Most skiplist implementations use backwards pointers (double linking of list elements) to support iterating backwards in the list. The backwards pointers add extra memory overhead and extra implementation complexity (lockfree doubly linked lists are difficult to implement). MemSQL’s skiplist employs a novel reverse iterator that uses the towers to iterate backwards without the need for reverse links.

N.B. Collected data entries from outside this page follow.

(* Let $\lambda,\mu\in\mathbb{C}$ satisfy one of: (i) $\mu\notin\frac12\mathbb{Z}$; (ii) $\mu\in\frac12+\mathbb{Z}$ and $\lambda\notin\{-3,-1,1\}$; (iii) $\mu\in\mathbb{Z}$ and $\lambda\neq-1$. Let $L=\widetilde{L_{\lambda,\mu}}^1$ and let $\Delta_j(L)$ be the space of $\frac12$-derivations of $L$ of degree $j\in\mathbb{Z}$. If $\lambda\neq1$, then $\Delta_0(L)=\langle\mathrm{Id}\rangle$ and $\Delta_j(L)=0$ for $j\neq0$. If $\lambda=1$ (so we are in case (i) or (iii)), then $\Delta_j(L)$ consists exactly of the maps $c\,\delta_{j,0}\mathrm{Id}+\varphi_{j,\alpha}$ with $c,\alpha\in\mathbb{C}$, where $\varphi_{j,\alpha}(L_n)=\alpha M_{n+j}$ for all $n\in\mathbb{Z}$ and $\varphi_{j,\alpha}$ vanishes on all $M_n$, $Y_{n+\frac12}$ and on $C_L$.
   Context: For $\lambda,\mu\in\mathbb{C}$, $\widetilde{L_{\lambda,\mu}}^1$ is the complex Lie algebra with basis $\{L_n,M_n,Y_{n+\frac12},C_L\mid n\in\mathbb{Z}\}$, $C_L$ central, and nonzero brackets $[L_m,L_n]=(n-m)L_{m+n}+\frac{m^3-m}{12}\delta_{m+n,0}C_L$, $[L_m,M_n]=(n-\lambda m+2\mu)M_{m+n}$, $[L_m,Y_{n+\frac12}]=(n+\frac12-\frac{\lambda+1}{2}m+\mu)Y_{m+n+\frac12}$, $[Y_{m+\frac12},Y_{n+\frac12}]=(n-m)M_{m+n+1}$. It is $\frac12\mathbb{Z}$-graded by $W_0=\langle L_0,M_0,C_L\rangle$, $W_n=\langle L_n,M_n\rangle$ ($n\neq0$), $W_{n+\frac12}=\langle Y_{n+\frac12}\rangle$. A $\frac12$-derivation is a linear map $\varphi$ with $\varphi([x,y])=\frac12([\varphi(x),y]+[x,\varphi(y)])$; it has degree $g$ if $\varphi(W_h)\subseteq W_{g+h}$ for all $h\in\frac12\mathbb{Z}$. *)

theory Defs
  imports Complex_Main
begin

text \<open>Basis of the Lie algebra: BL n = L_n, BM n = M_n, BY n = Y_(n+1/2), BC = C_L.\<close>
datatype basis = BL int | BM int | BY int | BC

definition carrier :: "(basis \<Rightarrow> complex) set" where
  "carrier = {x. finite {b. x b \<noteq> 0}}"

definition supp :: "(basis \<Rightarrow> complex) \<Rightarrow> basis set" where
  "supp x = {b. x b \<noteq> 0}"

definition ev :: "basis \<Rightarrow> basis \<Rightarrow> complex" where
  "ev b = (\<lambda>c. if c = b then 1 else 0)"

fun brb :: "complex \<Rightarrow> complex \<Rightarrow> basis \<Rightarrow> basis \<Rightarrow> basis \<Rightarrow> complex" where
  "brb lam mu (BL m) (BL n) =
     (\<lambda>c. of_int (n - m) * ev (BL (m + n)) c
          + (if m + n = 0 then (of_int m ^ 3 - of_int m) / 12 else 0) * ev BC c)"
| "brb lam mu (BL m) (BM n) = (\<lambda>c. (of_int n - lam * of_int m + 2 * mu) * ev (BM (m + n)) c)"
| "brb lam mu (BM n) (BL m) = (\<lambda>c. - (of_int n - lam * of_int m + 2 * mu) * ev (BM (m + n)) c)"
| "brb lam mu (BL m) (BY n) =
     (\<lambda>c. (of_int n + 1/2 - (lam + 1) / 2 * of_int m + mu) * ev (BY (m + n)) c)"
| "brb lam mu (BY n) (BL m) =
     (\<lambda>c. - (of_int n + 1/2 - (lam + 1) / 2 * of_int m + mu) * ev (BY (m + n)) c)"
| "brb lam mu (BY m) (BY n) = (\<lambda>c. of_int (n - m) * ev (BM (m + n + 1)) c)"
| "brb lam mu _ _ = (\<lambda>c. 0)"

definition br :: "complex \<Rightarrow> complex \<Rightarrow> (basis \<Rightarrow> complex) \<Rightarrow> (basis \<Rightarrow> complex) \<Rightarrow> (basis \<Rightarrow> complex)" where
  "br lam mu x y = (\<lambda>c. \<Sum>a\<in>supp x. \<Sum>b\<in>supp y. x a * y b * brb lam mu a b c)"

text \<open>Doubled degree of a basis element (the grading is by 1/2 Z).\<close>
fun deg2 :: "basis \<Rightarrow> int" where
  "deg2 (BL n) = 2 * n"
| "deg2 (BM n) = 2 * n"
| "deg2 (BY n) = 2 * n + 1"
| "deg2 BC = 0"

text \<open>x lies in W_(k/2).\<close>
definition homog :: "int \<Rightarrow> (basis \<Rightarrow> complex) \<Rightarrow> bool" where
  "homog k x \<longleftrightarrow> x \<in> carrier \<and> (\<forall>b. x b \<noteq> 0 \<longrightarrow> deg2 b = k)"

definition is_linear :: "((basis \<Rightarrow> complex) \<Rightarrow> (basis \<Rightarrow> complex)) \<Rightarrow> bool" where
  "is_linear phi \<longleftrightarrow> (\<forall>x\<in>carrier. phi x \<in> carrier) \<and>
     (\<forall>x\<in>carrier. \<forall>y\<in>carrier. phi (\<lambda>b. x b + y b) = (\<lambda>b. phi x b + phi y b)) \<and>
     (\<forall>x\<in>carrier. \<forall>c. phi (\<lambda>b. c * x b) = (\<lambda>b. c * phi x b))"

definition half_derivation :: "complex \<Rightarrow> complex \<Rightarrow> ((basis \<Rightarrow> complex) \<Rightarrow> (basis \<Rightarrow> complex)) \<Rightarrow> bool" where
  "half_derivation lam mu phi \<longleftrightarrow> is_linear phi \<and>
     (\<forall>x\<in>carrier. \<forall>y\<in>carrier.
        phi (br lam mu x y) = (\<lambda>c. (br lam mu (phi x) y c + br lam mu x (phi y) c) / 2))"

text \<open>Degree g (given doubled as g2): phi(W_h) \<subseteq> W_(g+h) for all h in 1/2 Z.\<close>
definition has_degree2 :: "int \<Rightarrow> ((basis \<Rightarrow> complex) \<Rightarrow> (basis \<Rightarrow> complex)) \<Rightarrow> bool" where
  "has_degree2 g2 phi \<longleftrightarrow> (\<forall>k x. homog k x \<longrightarrow> homog (k + g2) (phi x))"

definition Delta :: "complex \<Rightarrow> complex \<Rightarrow> int \<Rightarrow> ((basis \<Rightarrow> complex) \<Rightarrow> (basis \<Rightarrow> complex)) set" where
  "Delta lam mu j = {phi. half_derivation lam mu phi \<and> has_degree2 (2 * j) phi}"

definition phi_ja :: "int \<Rightarrow> complex \<Rightarrow> (basis \<Rightarrow> complex) \<Rightarrow> (basis \<Rightarrow> complex)" where
  "phi_ja j alpha x = (\<lambda>b. case b of BM m \<Rightarrow> alpha * x (BL (m - j)) | _ \<Rightarrow> 0)"

end

(*
  By the grading, a 1/2-derivation phi of degree j maps every basis vector into the span of at
  most three basis vectors, so it is described by a few coefficient sequences, and the identity
  2 phi [x, y] = [phi x, y] + [x, phi y] on pairs of basis vectors becomes a system of linear
  recurrences for them.  The [L, L]-relations make the L-coefficient of phi L_n a constant c,
  which the Virasoro cocycle forces to vanish unless j = 0, and make the M-coefficient a
  constant alpha, which must vanish unless lam = 1.  The [L, Y]- and [Y, Y]-relations and the
  central parts of the [L, L]-relations then show that phi acts as c on Y, M and C_L.  The
  hypothesis is needed only at an index with n + 1/2 + mu = j, which exists only for
  mu in 1/2 + Z: there the [L_0, Y_(n+1/2)]-relation is void, and the relations with L_1 and
  L_2 determine phi Y_(n+1/2) provided lam is not -1.  Conversely c Id + phi_(j,alpha) is a
  1/2-derivation whenever lam = 1 or alpha = 0.
*)

theory Submission
  imports Defs
begin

The idea is to track the last tower link that is visited at each level of the skiplist while seeking to the end, or to a particular node, of the skiplist. These links can be used to find the element behind each successive element (each time the reverse iterator moves backwards, it updates the links at each level that are used). This iterator saves the memory required for backwards pointers, but does result in higher reverse iteration execution cost. Reverse iteration is important for a SQL database because it allows ORDER BY queries to run without sorting even if the ORDER BY wants the opposite sort order (i.e., ascending instead of descending) of the order the index provides.
Quick Performance Comparison
Performance benchmarking of databases and data structures is very difficult. I’m not going to provide a comprehensive benchmark here. Instead, I’ll show a very simple demonstration of our skiplists single-threaded scan performance compared to innodb’s Btree. I’m going to run “SELECT SUM(score) FROM users” over a 50 million row users table. There is no concurrent write workload in this demonstration (where MemSQL really shines) and MemSQL is running with query parallelism disabled (both MySQL and MemSQL are scanning using only a single thread). Innodb is running with a big enough buffer pool to fit the entire table in memory, so there is no disk I/O going on.
CREATE TABLE `users` (
`user_id` bigint(20) NOT NULL AUTO_INCREMENT,
`first_name` varchar(100) CHARACTER SET utf8,
`last_name` varchar(100) CHARACTER SET utf8,
PRIMARY KEY (`user_id`)
MemSQL’s single-threaded scan performance is 5 times faster in the first case and 8 times faster in the second case. There is no black magic involved here. MemSQL needs to run far fewer CPU instructions to read a row for the reasons discussed above.
Because MemSQL is a memory optimized database, it is able to take advantage of the simplicity of a lockfree skiplist for its indexing. The result is a more modern indexing design based on recent developments in data structure and lockfree/non-blocking algorithms research. The simplicity of the skiplist is the source of a lot of MemSQL’s speed and scalability.